Go over the data and work out how many lines include the word "symbols". Give that number only.

== Segment start ==

(* Let $L$ be a language of coalgebraic predicate logic and $F$ an $L$-structure. Let $G$ be an $L^2$-structure that is an elementary extension of $(F,\mathscr P(F))$. Then there exist an $L$-structure $G'$ whose domain is the domain of the state sort of $G$ and a family $\mathcal S\subseteq\mathscr P(G')$ such that: (i) $\mathcal S$ contains all definable subsets of $G'$; (ii) $\mathcal S$ is large for $G'$; (iii) $G\cong(G',\mathcal S)$.
   Context: Given a first-order language $L_0$, the language $L$ of coalgebraic predicate logic based on $L_0$ is the least set of formulas containing the atomic $L_0$-formulas and closed under Boolean combinations, existential quantification, and formation of $x\,\Box_y\,\phi$ for $\phi\in L$ ($y$ bound). An $L$-structure is an $L_0$-structure $F$ with a neighborhood function $N^F: F\to\mathscr P(\mathscr P(F))$; satisfaction is as in first-order logic with $F\models w\,\Box_y\,\phi(y)$ iff $\{v\in F: F\models\phi(v)\}\in N^F(w)$. A subset of $F$ is definable if it is of the form $\{v: F\models\phi(v;\bar a)\}$ for an $L$-formula $\phi$ and parameters $\bar a\in F$. $L^2$ is the two-sorted first-order language with a state sort and a neighborhood sort, whose atomic formulas are those of $L_0$ (with all terms of state sort) together with $xNU$ and $x\in U$ ($x$ of state sort, $U$ of neighborhood sort). For an $L$-structure $F$ and a family $\mathcal S\subseteq\mathscr P(F)$ containing all definable subsets of $F$, $(F,\mathcal S)$ is the $L^2$-structure with state sort $F$ (interpreting $L_0$ as $F$ does), neighborhood sort $\mathcal S$, $wNU$ iff $U\in N^F(w)$, and $w\in U$ interpreted as membership. $\mathcal S$ is large for $F$ if $U\in\mathcal S$ whenever $U\in N^F(w)$ for some $w\in F$. *)

theory Defs
  imports Main
begin

text \<open>A first-order language L0 (with equality) is given by function symbols of
type 'f with arities fa and relation symbols of type 'r with arities ra.
Variables are natural numbers.\<close>

datatype 'f trm = Var nat | Fn 'f "'f trm list"

fun wf_trm :: "('f \<Rightarrow> nat) \<Rightarrow> 'f trm \<Rightarrow> bool" where
  "wf_trm fa (Var n) = True"
| "wf_trm fa (Fn f ts) = (length ts = fa f \<and> (\<forall>t\<in>set ts. wf_trm fa t))"

fun eval :: "('f \<Rightarrow> 'a list \<Rightarrow> 'a) \<Rightarrow> (nat \<Rightarrow> 'a) \<Rightarrow> 'f trm \<Rightarrow> 'a" where
  "eval I \<sigma> (Var n) = \<sigma> n"
| "eval I \<sigma> (Fn f ts) = I f (map (eval I \<sigma>) ts)"

datatype ('f, 'r) cfm =
    CRel 'r "'f trm list"
  | CEq "'f trm" "'f trm"
  | CNeg "('f, 'r) cfm"
  | CAnd "('f, 'r) cfm" "('f, 'r) cfm"
  | CEx nat "('f, 'r) cfm"
  | CBox nat nat "('f, 'r) cfm"  \<comment> \<open>CBox x y phi is x Box_y phi, y bound\<close>

fun wf_cfm :: "('f \<Rightarrow> nat) \<Rightarrow> ('r \<Rightarrow> nat) \<Rightarrow> ('f, 'r) cfm \<Rightarrow> bool" where
  "wf_cfm fa ra (CRel r ts) = (length ts = ra r \<and> (\<forall>t\<in>set ts. wf_trm fa t))"
| "wf_cfm fa ra (CEq s t) = (wf_trm fa s \<and> wf_trm fa t)"
| "wf_cfm fa ra (CNeg p) = wf_cfm fa ra p"
| "wf_cfm fa ra (CAnd p q) = (wf_cfm fa ra p \<and> wf_cfm fa ra q)"
| "wf_cfm fa ra (CEx x p) = wf_cfm fa ra p"
| "wf_cfm fa ra (CBox x y p) = wf_cfm fa ra p"

record ('a, 'f, 'r) lstr =
  cdom :: "'a set"
  fint :: "'f \<Rightarrow> 'a list \<Rightarrow> 'a"
  rint :: "'r \<Rightarrow> 'a list \<Rightarrow> bool"
  nbh  :: "'a \<Rightarrow> 'a set set"

definition is_lstr :: "('f \<Rightarrow> nat) \<Rightarrow> ('a, 'f, 'r) lstr \<Rightarrow> bool" where
  "is_lstr fa F \<longleftrightarrow> cdom F \<noteq> {}
     \<and> (\<forall>f as. set as \<subseteq> cdom F \<and> length as = fa f \<longrightarrow> fint F f as \<in> cdom F)
     \<and> (\<forall>w\<in>cdom F. nbh F w \<subseteq> Pow (cdom F))"

fun csat :: "('a, 'f, 'r) lstr \<Rightarrow> (nat \<Rightarrow> 'a) \<Rightarrow> ('f, 'r) cfm \<Rightarrow> bool" where
  "csat F \<sigma> (CRel r ts) = rint F r (map (eval (fint F) \<sigma>) ts)"
| "csat F \<sigma> (CEq s t) = (eval (fint F) \<sigma> s = eval (fint F) \<sigma> t)"
| "csat F \<sigma> (CNeg p) = (\<not> csat F \<sigma> p)"
| "csat F \<sigma> (CAnd p q) = (csat F \<sigma> p \<and> csat F \<sigma> q)"
| "csat F \<sigma> (CEx x p) = (\<exists>v\<in>cdom F. csat F (\<sigma>(x := v)) p)"
| "csat F \<sigma> (CBox x y p) = ({v\<in>cdom F. csat F (\<sigma>(y := v)) p} \<in> nbh F (\<sigma> x))"

text \<open>Definable subsets (with parameters, given by the assignment of the free variables).\<close>

definition definable :: "('f \<Rightarrow> nat) \<Rightarrow> ('r \<Rightarrow> nat) \<Rightarrow> ('a, 'f, 'r) lstr \<Rightarrow> 'a set \<Rightarrow> bool" where
  "definable fa ra F X \<longleftrightarrow> (\<exists>\<phi> y \<sigma>. wf_cfm fa ra \<phi> \<and> range \<sigma> \<subseteq> cdom F
      \<and> X = {v \<in> cdom F. csat F (\<sigma>(y := v)) \<phi>})"

definition contains_definable :: "('f \<Rightarrow> nat) \<Rightarrow> ('r \<Rightarrow> nat) \<Rightarrow> ('a, 'f, 'r) lstr \<Rightarrow> 'a set set \<Rightarrow> bool" where
  "contains_definable fa ra F S \<longleftrightarrow> (\<forall>X. definable fa ra F X \<longrightarrow> X \<in> S)"

definition large :: "('a, 'f, 'r) lstr \<Rightarrow> 'a set set \<Rightarrow> bool" where
  "large F S \<longleftrightarrow> (\<forall>w\<in>cdom F. \<forall>U\<in>nbh F w. U \<in> S)"

text \<open>State variables and neighbourhood variables are separate (both indexed by nat).\<close>

datatype ('f, 'r) tfm =
    TRel 'r "'f trm list"
  | TEq "'f trm" "'f trm"
  | TEqN nat nat
  | TN nat nat
  | TIn nat nat
  | TNeg "('f, 'r) tfm"
  | TAnd "('f, 'r) tfm" "('f, 'r) tfm"
  | TExS nat "('f, 'r) tfm"
  | TExN nat "('f, 'r) tfm"

fun wf_tfm :: "('f \<Rightarrow> nat) \<Rightarrow> ('r \<Rightarrow> nat) \<Rightarrow> ('f, 'r) tfm \<Rightarrow> bool" where
  "wf_tfm fa ra (TRel r ts) = (length ts = ra r \<and> (\<forall>t\<in>set ts. wf_trm fa t))"
| "wf_tfm fa ra (TEq s t) = (wf_trm fa s \<and> wf_trm fa t)"
| "wf_tfm fa ra (TEqN U V) = True"
| "wf_tfm fa ra (TN x U) = True"
| "wf_tfm fa ra (TIn x U) = True"
| "wf_tfm fa ra (TNeg p) = wf_tfm fa ra p"
| "wf_tfm fa ra (TAnd p q) = (wf_tfm fa ra p \<and> wf_tfm fa ra q)"
| "wf_tfm fa ra (TExS x p) = wf_tfm fa ra p"
| "wf_tfm fa ra (TExN U p) = wf_tfm fa ra p"

record ('a, 'n, 'f, 'r) tstr =
  sdom :: "'a set"
  ndom :: "'n set"
  sfun :: "'f \<Rightarrow> 'a list \<Rightarrow> 'a"
  srel :: "'r \<Rightarrow> 'a list \<Rightarrow> bool"
  nrel :: "'a \<Rightarrow> 'n \<Rightarrow> bool"
  mrel :: "'a \<Rightarrow> 'n \<Rightarrow> bool"

definition is_tstr :: "('f \<Rightarrow> nat) \<Rightarrow> ('a, 'n, 'f, 'r) tstr \<Rightarrow> bool" where
  "is_tstr fa G \<longleftrightarrow> sdom G \<noteq> {} \<and> ndom G \<noteq> {}
     \<and> (\<forall>f as. set as \<subseteq> sdom G \<and> length as = fa f \<longrightarrow> sfun G f as \<in> sdom G)"

fun tsat :: "('a, 'n, 'f, 'r) tstr \<Rightarrow> (nat \<Rightarrow> 'a) \<Rightarrow> (nat \<Rightarrow> 'n) \<Rightarrow> ('f, 'r) tfm \<Rightarrow> bool" where
  "tsat G \<sigma> \<tau> (TRel r ts) = srel G r (map (eval (sfun G) \<sigma>) ts)"
| "tsat G \<sigma> \<tau> (TEq s t) = (eval (sfun G) \<sigma> s = eval (sfun G) \<sigma> t)"
| "tsat G \<sigma> \<tau> (TEqN U V) = (\<tau> U = \<tau> V)"
| "tsat G \<sigma> \<tau> (TN x U) = nrel G (\<sigma> x) (\<tau> U)"
| "tsat G \<sigma> \<tau> (TIn x U) = mrel G (\<sigma> x) (\<tau> U)"
| "tsat G \<sigma> \<tau> (TNeg p) = (\<not> tsat G \<sigma> \<tau> p)"
| "tsat G \<sigma> \<tau> (TAnd p q) = (tsat G \<sigma> \<tau> p \<and> tsat G \<sigma> \<tau> q)"
| "tsat G \<sigma> \<tau> (TExS x p) = (\<exists>v\<in>sdom G. tsat G (\<sigma>(x := v)) \<tau> p)"
| "tsat G \<sigma> \<tau> (TExN U p) = (\<exists>V\<in>ndom G. tsat G \<sigma> (\<tau>(U := V)) p)"

definition pair_str :: "('a, 'f, 'r) lstr \<Rightarrow> 'a set set \<Rightarrow> ('a, 'a set, 'f, 'r) tstr" where
  "pair_str F S = \<lparr> sdom = cdom F, ndom = S, sfun = fint F, srel = rint F,
                    nrel = (\<lambda>w U. U \<in> nbh F w), mrel = (\<lambda>w U. w \<in> U) \<rparr>"

text \<open>G is an elementary extension of H (up to identification of H with its image):
there is an elementary embedding of H into G.\<close>

definition elementary_extension ::
  "('f \<Rightarrow> nat) \<Rightarrow> ('r \<Rightarrow> nat) \<Rightarrow> ('a, 'm, 'f, 'r) tstr \<Rightarrow> ('b, 'n, 'f, 'r) tstr \<Rightarrow> bool" where
  "elementary_extension fa ra H G \<longleftrightarrow> (\<exists>hs hn.
      hs ` sdom H \<subseteq> sdom G \<and> hn ` ndom H \<subseteq> ndom G
      \<and> inj_on hs (sdom H) \<and> inj_on hn (ndom H)
      \<and> (\<forall>\<phi> \<sigma> \<tau>. wf_tfm fa ra \<phi> \<and> range \<sigma> \<subseteq> sdom H \<and> range \<tau> \<subseteq> ndom H \<longrightarrow>
            (tsat H \<sigma> \<tau> \<phi> \<longleftrightarrow> tsat G (hs \<circ> \<sigma>) (hn \<circ> \<tau>) \<phi>)))"

definition tiso ::
  "('f \<Rightarrow> nat) \<Rightarrow> ('r \<Rightarrow> nat) \<Rightarrow> ('a, 'm, 'f, 'r) tstr \<Rightarrow> ('b, 'n, 'f, 'r) tstr \<Rightarrow> bool" where
  "tiso fa ra G H \<longleftrightarrow> (\<exists>hs hn.
      bij_betw hs (sdom G) (sdom H) \<and> bij_betw hn (ndom G) (ndom H)
      \<and> (\<forall>f as. set as \<subseteq> sdom G \<and> length as = fa f \<longrightarrow> hs (sfun G f as) = sfun H f (map hs as))
      \<and> (\<forall>r as. set as \<subseteq> sdom G \<and> length as = ra r \<longrightarrow> (srel G r as \<longleftrightarrow> srel H r (map hs as)))
      \<and> (\<forall>w\<in>sdom G. \<forall>U\<in>ndom G. (nrel G w U \<longleftrightarrow> nrel H (hs w) (hn U))
                                 \<and> (mrel G w U \<longleftrightarrow> mrel H (hs w) (hn U))))"

end

theory Submission
  imports Defs
begin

== Segment end ==

§ **RESULT OF THIS EXERCISE**
2